Who’ll be first to grasp the opportunity, while it lasts?
What's at the Hunkeler Innovationdays
The Lucerne event now occupies the 70,000m2 local Messe and has been expanded from four to five days. Related seminars and conferences provide supporting information.
Hunkeler chief executive Stefan Hunkeler says this year’s event has attracted more interest for publishing applications, but don’t expect too much on the newspaper front.
About 70 exhibitors are at this year’s event, of which the following is just a proportion.
• Among newspaper visitors, all eyes may be on the KBA RotaJet, where the message seems to be ‘just look at us now’. Since DRUPA, the focus has been on optimisation of the ink feed, ink system, screening and colour management, following input from prospective customers. New are a serious-looking rewinder and an IR/hot-air drying system developed inhouse. In addition, print quality has been enhanced by the use of new polymer-based inks which reduce capillary effect. A daily exhibition newspaper with content from Neue Luzerner Zeitung emphasises the potential, finished offline on Hunkeler equipment.
• Muller Martini has upgraded its Presto II Digital automated saddlestitcher with a new control system. It has been teamed with a Hunkeler unwind/fold/cut module, high-speed folder folder, signature and cover folder-feeders, and a three-knife trimmer. Interesting applications for print publishers here, if not newspapers.

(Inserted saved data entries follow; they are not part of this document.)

(* Consider a sequence of problems indexed by $n$ with a fixed integer $m\ge1$, a support set $\mathcal{S}\subseteq\{1,\dots,n\}$ of size $s=s(n)$, and a mean $\theta_1=\theta_1(n)>0$. For each $i\in\{1,\dots,n\}$ one observes $2m$ observations $y_{i,1},\dots,y_{i,2m}$, all mutually independent, with $y_{i,j}\sim\mathcal{N}(0,1)$ if $i\notin\mathcal{S}$ and $y_{i,j}\sim\mathcal{N}(\theta_1,1)$ if $i\in\mathcal{S}$. Let $T_{i,2m}=\frac{1}{2m}\sum_{j=1}^{2m}y_{i,j}$ and, for a threshold $\tau$, let $\mathcal{S}_\tau=\{i:T_{i,2m}>\tau\}$ and $\mathcal{E}_\tau=\{\mathcal{S}_\tau\neq\mathcal{S}\}$. If $\theta_1<\sqrt{\frac{\log(n-s)}{m}}$, then the non-sequential procedure is unreliable; specifically, $\min_\tau\mathbb{P}(\mathcal{E}_\tau)\ge 1/2$ in the limit $n\to\infty$.
   Context: A support estimator $\widehat{\mathcal{S}}(n)$ is unreliable if $\lim_{n\to\infty}\mathbb{P}(\widehat{\mathcal{S}}(n)\neq\mathcal{S}(n))>0$. The inequality on $\theta_1$ is understood as a condition on the growth of $\theta_1(n)$ with $n$. *)

theory Defs
  imports "HOL-Probability.Probability"
begin

definition obs_model :: "nat \<Rightarrow> nat set \<Rightarrow> real \<Rightarrow> nat \<Rightarrow> (nat \<times> nat \<Rightarrow> real) measure" where
  "obs_model m S \<theta> n =
     (\<Pi>\<^sub>M ij \<in> {1..n} \<times> {1..2*m}.
        density lborel (normal_density (if fst ij \<in> S then \<theta> else 0) 1))"

definition avg_stat :: "nat \<Rightarrow> (nat \<times> nat \<Rightarrow> real) \<Rightarrow> nat \<Rightarrow> real" where
  "avg_stat m y i = (1 / (2 * real m)) * (\<Sum>j = 1..2*m. y (i, j))"

definition thresh_support :: "nat \<Rightarrow> nat \<Rightarrow> real \<Rightarrow> (nat \<times> nat \<Rightarrow> real) \<Rightarrow> nat set" where
  "thresh_support m n \<tau> y = {i \<in> {1..n}. avg_stat m y i > \<tau>}"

• Screen has colour and (upgradeable) mono versions of its flagship 220 metres a minute Truepress Jet520, and will demonstrate upgraded Equios workflow software.
• Impika emphasises multiple application use – such as newspapers at night and book printing by day – with a dual production set-up producing national and international newspapers each morning, with varying pagination. The company is showing off its
iEngine 1000 print engine, which prints in colour to its 220 mm print width without ‘stitching’.

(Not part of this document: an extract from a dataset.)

(* Let $n\ge3$, let $z^\diamond\in\mathbb{R}^n$, and let $\mathcal{M}\subseteq\{1,\dots,n\}$ be a sample set that is a union of twin samples, contains $1$ and $n$, and contains a twin sample in every linear segment of $z^\diamond$. Let $A=\mathbf{I}_{\mathcal{M}}$ and $y=Az^\diamond$ (noiseless). Consider the following algorithm: (1) solve $\min_z\|Dz\|_1$ subject to $Az=y$, obtaining an optimal value $f^\star$ and an optimal solution $z^\star$; (2) define $s\in\{-1,0,+1\}^n$ by setting, for every pair of consecutive twin samples $(i-1,i)$ and $(j,j+1)$ in $\mathcal{M}$ and every $k\in\{i+1,\dots,j-1\}$, $s_k=\mathrm{sign}\big((z^\star_{j+1}-z^\star_j)-(z^\star_i-z^\star_{i-1})\big)$, and $s_k=0$ for all other $k$; (3) return $\arg\min_z s^{\mathsf{T}}z$ subject to $Az=y$ and $\|Dz\|_1\le f^\star$. Then the algorithm returns $z^\diamond$, i.e., it recovers $z^\diamond$ exactly.
   Context: $D\in\mathbb{R}^{(n-2)\times n}$ is the second-order difference operator, $(Dz)_k=z_k-2z_{k+1}+z_{k+2}$; $\mathbf{I}_{\mathcal{M}}$ consists of the rows of the identity indexed by $\mathcal{M}$. A twin sample is a pair of consecutive indices $\{i,i+1\}\subseteq\mathcal{M}$. The corners of $z^\diamond$ are the indices $i\in\{2,\dots,n-1\}$ with $z^\diamond_{i-1}-2z^\diamond_i+z^\diamond_{i+1}\ne0$; if $c_1<\dots<c_p$ are the corners, $c_0=1$, $c_{p+1}=n$, the linear segments are the index sets $\{c_t,\dots,c_{t+1}\}$, $t=0,\dots,p$; a twin sample lies in a segment if both its indices belong to it. $\mathrm{sign}(0)=0$. *)

theory Defs
  imports Main "HOL.Real"
begin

• Océ, showing with its parent Canon, has its flagship ColorStream 3900 shown in two application areas, one of which is inline book signature and brochure production. It is also teamed with a Hunkeler dynamic puncher and perforator for flexible transpromo production.
• Don’t expect HP’s T-series colour inkjet web – although there is an interactive display and processing of preprinted rolls – but an Indigo W7250 will be running inline with a Hunkeler POPP6 cutter/stacker. HP has some of the prestigious high ground in book production but with the exception of O’Neill, lacks a real newspaper site yet.

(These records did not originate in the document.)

(* Let $p>3$ be a prime. Then $$\sum_{k=0}^{[p/4]}\binom{4k}{2k}\frac1{18^k}\equiv2\Big(\frac6p\Big)-\Big(\frac3p\Big)\pmod p.$$
   Context: $[x]$ is the greatest integer $\le x$; $(\frac{\cdot}{p})$ is the Legendre symbol. *)

theory Defs
  imports "HOL-Number_Theory.Number_Theory"
begin

definition rat_cong :: "rat \<Rightarrow> rat \<Rightarrow> int \<Rightarrow> bool" where
  "rat_cong x y m \<longleftrightarrow>
     (\<exists>a b::int. b \<noteq> 0 \<and> coprime b m \<and> m dvd a \<and> x - y = of_int a / of_int b)"

end

theory Submission
  imports Defs
begin

text \<open>Write \<open>p = 2n + 1\<close>. Modulo \<open>p\<close> one has \<open>C(4k,2k) \<equiv> 16^k C(n,2k)\<close>, so the sum becomes
  \<open>\<Sum> C(n,2k) (8/9)^k = 3^-n E\<close>, where \<open>E\<close> is the rational part of
  \<open>(3 + \<surd>8)^n = (1 + \<surd>2)^(p-1)\<close>. As \<open>C(p-1,j) \<equiv> (-1)^j\<close>, this rational part is congruent to
  \<open>1 + 2 + \<dots> + 2^n = 2^(n+1) - 1\<close>, and Euler's criterion turns \<open>3^-n (2 \<cdot> 2^n - 1)\<close> into
  \<open>2(6/p) - (3/p)\<close>.\<close>

lemma rat_cong_of_int: "[a = b] (mod m) \<Longrightarrow> rat_cong (of_int a) (of_int b) m"
  unfolding rat_cong_def
  by (rule exI[of _ "a - b"], rule exI[of _ 1]) (simp add: cong_iff_dvd_diff)

lemma rat_cong_div_of_int:
  assumes "rat_cong x y m" "coprime b m" "b \<noteq> 0"
  shows "rat_cong (x / of_int b) (y / of_int b) m"
proof -
  obtain a c where "c \<noteq> 0" "coprime c m" "m dvd a" "x - y = of_int a / of_int c"
    using assms(1) unfolding rat_cong_def by blast
  moreover from this have "x / of_int b - y / of_int b = of_int a / of_int (c * b)"
    by (simp flip: diff_divide_distrib)
  ultimately show ?thesis
    unfolding rat_cong_def using assms(2,3) by (intro exI[of _ a] exI[of _ "c * b"]) auto
qed

lemma rat_cong_add:
  assumes "rat_cong x y m" "rat_cong x' y' m"
  shows "rat_cong (x + x') (y + y') m"
proof -
  obtain a b where ab: "b \<noteq> 0" "coprime b m" "m dvd a" "x - y = of_int a / of_int b"
    using assms(1) unfolding rat_cong_def by blast
  obtain a' b' where ab': "b' \<noteq> 0" "coprime b' m" "m dvd a'" "x' - y' = of_int a' / of_int b'"
    using assms(2) unfolding rat_cong_def by blast
  have "x + x' - (y + y') = of_int a / of_int b + of_int a' / of_int b'"
    using ab ab' by (simp add: add_diff_add)
  also have "\<dots> = of_int (a * b' + a' * b) / of_int (b * b')"
    using ab ab' by (simp add: add_frac_eq)
  finally show ?thesis
    unfolding rat_cong_def using ab ab' by (intro exI[of _ "a * b' + a' * b"] exI[of _ "b * b'"]) auto
qed

lemma rat_cong_of_int_div:
  assumes "[a = c * b] (mod m)" "coprime b m" "b \<noteq> 0"
  shows "rat_cong (of_int a / of_int b) (of_int c) m"
  using rat_cong_div_of_int[OF rat_cong_of_int[OF assms(1)] assms(2,3)] assms(3) by simp

lemma rat_cong_trans [trans]:
  assumes "rat_cong x y m" "rat_cong y z m"
  shows "rat_cong x z m"
  using rat_cong_add[OF assms] unfolding rat_cong_def by simp

lemma rat_cong_sum:
  assumes "finite A" "\<And>i. i \<in> A \<Longrightarrow> rat_cong (f i) (g i) m"
  shows "rat_cong (\<Sum>i\<in>A. f i) (\<Sum>i\<in>A. g i) m"
  using assms
proof (induction A rule: finite_induct)
  case empty
  then show ?case
    using rat_cong_of_int[of 0 0 m] by simp
next
  case (insert i A)
  then show ?case
    by (simp add: rat_cong_add)
qed

definition even_binomial_sum :: "'a::comm_ring_1 \<Rightarrow> 'a \<Rightarrow> nat \<Rightarrow> 'a" where
  "even_binomial_sum x y m = (\<Sum>k\<le>m div 2. of_nat (m choose (2 * k)) * x ^ (m - 2 * k) * y ^ k)"

lemma of_int_even_binomial_sum [simp]:
  "of_int (even_binomial_sum x y m) = even_binomial_sum (of_int x) (of_int y) m"
  by (simp add: even_binomial_sum_def)

lemma sum_atMost_even_part:
  fixes f :: "nat \<Rightarrow> 'a::comm_monoid_add"
  assumes "\<And>k. odd k \<Longrightarrow> f k = 0"
  shows "(\<Sum>k\<le>m. f k) = (\<Sum>j\<le>m div 2. f (2 * j))"
proof -
  have "(\<Sum>j\<le>m div 2. f (2 * j)) = sum f ((*) 2 ` {..m div 2})"
    by (simp add: sum.reindex inj_on_def)
  also have "\<dots> = (\<Sum>k\<le>m. f k)"
  proof (rule sum.mono_neutral_left)
    show "\<forall>k\<in>{..m} - (*) 2 ` {..m div 2}. f k = 0"
    proof
      fix k assume k: "k \<in> {..m} - (*) 2 ` {..m div 2}"
      have "odd k"
      proof
        assume "even k"
        then have "k = 2 * (k div 2)" "k div 2 \<in> {..m div 2}"
          using k by (auto intro: div_le_mono)
        then show False
          using k by blast
      qed
      then show "f k = 0"
        by (rule assms)
    qed
  qed auto
  finally show ?thesis ..
qed

lemma even_binomial_sum_sqrt:
  fixes x s :: "'a::comm_ring_1"
  assumes "s ^ 2 = y"
  shows "(x + s) ^ m + (x - s) ^ m = 2 * even_binomial_sum x y m"
proof -
  have "(x + s) ^ m + (x - s) ^ m = (\<Sum>k\<le>m. of_nat (m choose k) * (s ^ k + (- s) ^ k) * x ^ (m - k))"
    using binomial_ring[of s x m] binomial_ring[of "- s" x m]
    by (simp add: add.commute sum.distrib algebra_simps)
  also have "\<dots> = (\<Sum>j\<le>m div 2. 2 * (of_nat (m choose (2 * j)) * x ^ (m - 2 * j) * y ^ j))"
  proof (subst sum_atMost_even_part)
    have "s ^ (2 * j) = y ^ j" "(- s) ^ (2 * j) = y ^ j" for j
      by (simp_all add: power_mult assms)
    then show "(\<Sum>j\<le>m div 2. of_nat (m choose (2 * j)) * (s ^ (2 * j) + (- s) ^ (2 * j)) * x ^ (m - 2 * j))
        = (\<Sum>j\<le>m div 2. 2 * (of_nat (m choose (2 * j)) * x ^ (m - 2 * j) * y ^ j))"
      by (simp add: algebra_simps)
  qed simp
  finally show ?thesis
    by (simp add: even_binomial_sum_def sum_distrib_left mult_ac)
qed

lemma even_binomial_sum_double:
  fixes x y :: int
  shows "even_binomial_sum x y (2 * m) = even_binomial_sum (x ^ 2 + y) (4 * x ^ 2 * y) m"
proof -
  define s where "s = csqrt (of_int y)"
  let ?x = "of_int x :: complex"
  have s2: "s ^ 2 = of_int y"
    by (simp add: s_def)
  have t2: "(2 * ?x * s) ^ 2 = of_int (4 * x ^ 2 * y)"
    using s2 by (simp add: power_mult_distrib)
  have squares: "(?x + s) ^ 2 = of_int (x ^ 2 + y) + 2 * ?x * s"
                "(?x - s) ^ 2 = of_int (x ^ 2 + y) - 2 * ?x * s"
    using s2 by (simp_all add: power2_eq_square algebra_simps)
  have "2 * of_int (even_binomial_sum x y (2 * m)) = (?x + s) ^ (2 * m) + (?x - s) ^ (2 * m)"
    using even_binomial_sum_sqrt[OF s2] by simp
  also have "\<dots> = (of_int (x ^ 2 + y) + 2 * ?x * s) ^ m + (of_int (x ^ 2 + y) - 2 * ?x * s) ^ m"
    by (simp add: power_mult squares)
  also have "\<dots> = 2 * of_int (even_binomial_sum (x ^ 2 + y) (4 * x ^ 2 * y) m)"
    using even_binomial_sum_sqrt[OF t2] by simp
  finally show ?thesis
    by (simp only: mult_cancel_left of_int_eq_iff) simp
qed

lemma even_binomial_sum_eq_power_mult:
  fixes x y :: "'a::field"
  assumes "x \<noteq> 0"
  shows "even_binomial_sum x y m = x ^ m * (\<Sum>k\<le>m div 2. of_nat (m choose (2 * k)) * (y / x ^ 2) ^ k)"
  unfolding even_binomial_sum_def sum_distrib_left
proof (rule sum.cong)
  fix k assume "k \<in> {..m div 2}"
  then have "x ^ m = x ^ (m - 2 * k) * (x ^ 2) ^ k"
    by (simp flip: power_add power_mult)
  then show "of_nat (m choose (2 * k)) * x ^ (m - 2 * k) * y ^ k
           = x ^ m * (of_nat (m choose (2 * k)) * (y / x ^ 2) ^ k)"
    using assms by (simp add: power_divide field_simps)
qed simp

lemma coprime_less_prime:
  fixes p a :: nat
  assumes "prime p" "0 < a" "a < p"
  shows "coprime (int a) (int p)"
proof -
  have "\<not> int p dvd int a"
    using assms by (auto dest: zdvd_imp_le)
  then have "coprime (int p) (int a)"
    using assms(1) by (intro prime_imp_coprime) auto
  then show ?thesis
    by (simp add: coprime_commute)
qed

lemma binomial_pred_prime_cong:
  fixes p k :: nat
  assumes "prime p" "k < p"
  shows "[int ((p - 1) choose k) = (-1) ^ k] (mod int p)"
  using assms(2)
proof (induction k)
  case 0
  then show ?case by simp
next
  case (Suc k)
  have "p dvd (p choose Suc k)"
    using Suc.prems assms(1) by (intro dvd_choose_prime) auto
  then have "[int (p choose Suc k) = 0] (mod int p)"
    by (simp add: cong_0_iff)
  moreover have "p choose Suc k = ((p - 1) choose k) + ((p - 1) choose Suc k)"
    using assms(1) prime_gt_0_nat binomial_Suc_Suc[of "p - 1" k] by simp
  ultimately have "[int ((p - 1) choose k) + int ((p - 1) choose Suc k) = 0] (mod int p)"
    by simp
  then have "[int ((p - 1) choose Suc k) = - int ((p - 1) choose k)] (mod int p)"
    by (simp add: cong_iff_dvd_diff add.commute)
  also have "[- int ((p - 1) choose k) = - ((-1) ^ k)] (mod int p)"
    using Suc by (simp add: cong_minus_minus_iff)
  finally show ?case
    by simp
qed

lemma central_binomial_cong:
  fixes p n m :: nat
  assumes "prime p" "p = 2 * n + 1" "m \<le> n"
  shows "[int (2 * m choose m) = (-4) ^ m * int (n choose m)] (mod int p)"
  using assms(3)
proof (induction m)
  case 0
  then show ?case by simp
next
  case (Suc m)
  have central: "Suc m * (2 * Suc m choose Suc m) = 2 * (2 * m + 1) * (2 * m choose m)"
    by (metis Suc_eq_plus1 Suc_times_binomial Suc_times_binomial_add add_2_eq_Suc
        add_mult_distrib mult_Suc_right nat_mult_1 one_add_one)
  have absorb: "Suc m * (n choose Suc m) = (n - m) * (n choose m)"
    using binomial_absorption[of m n] binomial_absorb_comp[of n m] by simp
  have "int (Suc m) * int (2 * Suc m choose Suc m) = 2 * (2 * int m + 1) * int (2 * m choose m)"
    using arg_cong[OF central, of int] by (simp only: of_nat_mult of_nat_add of_nat_numeral of_nat_1)
  also have "[\<dots> = -4 * (int n - int m) * ((-4) ^ m * int (n choose m))] (mod int p)"
  proof (rule cong_mult)
    show "[2 * (2 * int m + 1) = -4 * (int n - int m)] (mod int p)"
    proof -
      have "2 * (2 * int m + 1) - (-4 * (int n - int m)) = 2 * int p"
        using assms(2) by simp
      then show ?thesis
        by (metis cong_iff_dvd_diff dvd_triv_right)
    qed
    show "[int (2 * m choose m) = (-4) ^ m * int (n choose m)] (mod int p)"
      using Suc by simp
  qed
  also have "-4 * (int n - int m) * ((-4) ^ m * int (n choose m))
           = (-4) ^ Suc m * ((int n - int m) * int (n choose m))"
    by (simp add: algebra_simps)
  also have "(int n - int m) * int (n choose m) = int (Suc m) * int (n choose Suc m)"
    using arg_cong[OF absorb, of int] Suc.prems by (simp only: of_nat_mult of_nat_diff)
  also have "(-4) ^ Suc m * (int (Suc m) * int (n choose Suc m))
           = int (Suc m) * ((-4) ^ Suc m * int (n choose Suc m))"
    by (rule mult.left_commute)
  finally have "[int (Suc m) * int (2 * Suc m choose Suc m)
                = int (Suc m) * ((-4) ^ Suc m * int (n choose Suc m))] (mod int p)" .
  moreover have "coprime (int (Suc m)) (int p)"
    using Suc.prems assms(2) by (intro coprime_less_prime[OF assms(1)]) auto
  ultimately show ?case
    by (rule cong_mult_lcancel[THEN iffD1, rotated])
qed

lemma even_binomial_sum_pred_prime_cong:
  fixes x y :: int
  assumes "prime p"
  shows "[even_binomial_sum x y (p - 1) = (\<Sum>k\<le>(p - 1) div 2. x ^ (p - 1 - 2 * k) * y ^ k)] (mod int p)"
  unfolding even_binomial_sum_def
proof (rule cong_sum)
  fix k assume "k \<in> {..(p - 1) div 2}"
  then have "2 * k < p"
    using prime_gt_0_nat[OF assms] by auto
  then have binomial: "[int ((p - 1) choose (2 * k)) = 1] (mod int p)"
    using binomial_pred_prime_cong[OF assms, of "2 * k"] by simp
  show "[of_nat ((p - 1) choose (2 * k)) * x ^ (p - 1 - 2 * k) * y ^ k
            = x ^ (p - 1 - 2 * k) * y ^ k] (mod int p)"
    using cong_mult[OF cong_mult[OF binomial cong_refl] cong_refl] by simp
qed

lemma Legendre_6_3_cong:
  fixes p :: nat
  assumes "prime p" "p > 3"
  shows "[(2 * Legendre 6 (int p) - Legendre 3 (int p)) * 3 ^ (p div 2) = 2 ^ Suc (p div 2) - 1] (mod int p)"
proof -
  let ?n = "p div 2"
  have "odd p"
    using assms by (simp add: prime_odd_nat)
  then have half: "(p - 1) div 2 = ?n" "p - 1 = 2 * ?n"
    by presburger+
  have euler: "[Legendre a (int p) = a ^ ?n] (mod int p)" for a
    using euler_criterion[OF assms(1)] assms(2) half by simp
  have "[3 ^ (p - 1) = 1] (mod p)"
    using assms by (intro fermat_theorem) (auto dest: dvd_imp_le)
  then have fermat: "[(3::int) ^ (2 * ?n) = 1] (mod int p)"
    using cong_int_iff[of "3 ^ (p - 1)" 1 p] half by simp
  have "[(2 * Legendre 6 (int p) - Legendre 3 (int p)) * 3 ^ ?n = (2 * 6 ^ ?n - 3 ^ ?n) * 3 ^ ?n] (mod int p)"
    by (intro cong_mult cong_diff euler cong_refl)
  also have "(2 * 6 ^ ?n - 3 ^ ?n) * 3 ^ ?n = 2 * 2 ^ ?n * (3::int) ^ (2 * ?n) - 3 ^ (2 * ?n)"
  proof -
    have "(6::int) ^ ?n = 2 ^ ?n * 3 ^ ?n"
      by (simp flip: power_mult_distrib)
    moreover have "(3::int) ^ (2 * ?n) = 3 ^ ?n * 3 ^ ?n"
      by (simp only: mult_2 power_add)
    ultimately show ?thesis
      by (simp only: left_diff_distrib mult.assoc)
  qed
  also have "[\<dots> = 2 * 2 ^ ?n * 1 - 1] (mod int p)"
    by (intro cong_diff cong_mult fermat cong_refl)
  finally show ?thesis
    by simp
qed

lemma sum_central_binomial_even_cong:
  fixes b :: int
  assumes "prime p" "p = 2 * n + 1" "coprime b (int p)" "b \<noteq> 0"
  shows "rat_cong (\<Sum>k\<le>n div 2. of_nat ((4 * k) choose (2 * k)) / of_int b ^ k)
                  (\<Sum>k\<le>n div 2. of_nat (n choose (2 * k)) * (16 / of_int b) ^ k) (int p)"
proof (rule rat_cong_sum)
  fix k assume "k \<in> {..n div 2}"
  then have "[int ((4 * k) choose (2 * k)) = 16 ^ k * int (n choose (2 * k))] (mod int p)"
    using central_binomial_cong[OF assms(1,2), of "2 * k"] by (simp add: power_mult)
  from rat_cong_div_of_int[OF rat_cong_of_int[OF this], of "b ^ k"] assms(3,4)
  show "rat_cong (of_nat ((4 * k) choose (2 * k)) / of_int b ^ k)
                 (of_nat (n choose (2 * k)) * (16 / of_int b) ^ k) (int p)"
    by (simp add: power_divide mult.commute)
qed simp

lemma even_binomial_sum_3_8_cong:
  assumes "prime p" "p = 2 * n + 1"
  shows "[even_binomial_sum (3::int) 8 n = 2 ^ Suc n - 1] (mod int p)"
proof -
  have "even_binomial_sum 3 8 n = even_binomial_sum (1::int) 2 (p - 1)"
    using even_binomial_sum_double[of 1 2 n] assms(2) by simp
  also have "[\<dots> = (\<Sum>k\<le>n. 2 ^ k)] (mod int p)"
    using even_binomial_sum_pred_prime_cong[OF assms(1), of 1 2] assms(2) by simp
  also have "(\<Sum>k\<le>n. 2 ^ k) = (2::int) ^ Suc n - 1"
    using sum_gp_basic[of "2::int" n] by simp
  finally show ?thesis .
qed

theorem corollary2p11:
  fixes p :: nat
  assumes "prime p" and "p > 3"
  shows "rat_cong (\<Sum>k=0..p div 4. of_nat ((4*k) choose (2*k)) / 18^k)
                  (of_int (2 * Legendre 6 (int p) - Legendre 3 (int p)))
                  (int p)"
proof -
  define n where "n = p div 2"
  have "odd p"
    using assms by (simp add: prime_odd_nat)
  then have p: "p = 2 * n + 1" "p div 4 = n div 2"
    unfolding n_def by presburger+
  have coprime: "coprime ((2::int) ^ i * 3 ^ j) (int p)" for i j
    using coprime_less_prime[OF assms(1), of 2] coprime_less_prime[OF assms(1), of 3] assms(2)
    by simp
  have "rat_cong (\<Sum>k=0..p div 4. of_nat ((4*k) choose (2*k)) / 18^k)
                 (\<Sum>k\<le>n div 2. of_nat (n choose (2 * k)) * (16 / 18) ^ k) (int p)"
    using sum_central_binomial_even_cong[OF assms(1) p(1), of 18] coprime[of 1 2]
    by (simp add: atLeast0AtMost p(2))
  also have "(\<Sum>k\<le>n div 2. of_nat (n choose (2 * k)) * (16 / 18) ^ k)
           = (of_int (even_binomial_sum 3 8 n) / of_int (3 ^ n) :: rat)"
    using even_binomial_sum_eq_power_mult[of "3::rat" 8 n] by simp
  also have "rat_cong \<dots> (of_int (2 * Legendre 6 (int p) - Legendre 3 (int p))) (int p)"
  proof (rule rat_cong_of_int_div)
    show "[even_binomial_sum 3 8 n = (2 * Legendre 6 (int p) - Legendre 3 (int p)) * 3 ^ n] (mod int p)"
      using even_binomial_sum_3_8_cong[OF assms(1) p(1)] Legendre_6_3_cong[OF assms]
      unfolding n_def by (metis cong_sym cong_trans)
  qed (use coprime[of 0 n] in simp_all)
  finally show ?thesis .
qed

end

• Hunkeler itself will show its POPP7 generation newspaper-on-demand line consisting of the UW7 unwinding module, CS7 cross-cutting module and DC7 drum collating module. It can produce customised tabloid products with per-copy selection of size (up to 96 pages in four-page increments). There is also provision for dynamic glue application with multiple glued sections inserted into each other.
• One of the issues of personalised digital print – RIP processing the data for individual pages – is canvassed by Martin Bailey of Global Graphics Software during a CloudPrint a seminar… can you do it in the cloud? "RIPping files for print is usually regarded as requiring unachievable bandwidth given the data rates involved, but what is the current state of play,” he asks. the developer of Harlequin and Jaws RIPs, Global is member of the PODi cloud printing initiative.
• Xerox shows its CiPress 500 and 325 single engine duplex presses, aimed at commercial printers handling catalogue, book direct marketing production. It uses a single print engine, making the press smaller and less expensive.
• Kodak’s Prosper 5000XLi inkjet has new press management technology that monitors and adjusts settings to ensure print quality, and has been testing new nano-particulate pigment inks.
• Ricoh has new centralised ‘critical communications’ software for its InfoPrint 5000 platform, on which customers have now produced more than 35 billion impressions worldwide. New is an extended media dryer option which allows the 5000 to print on a broader variety of coated stock and less expensive papers.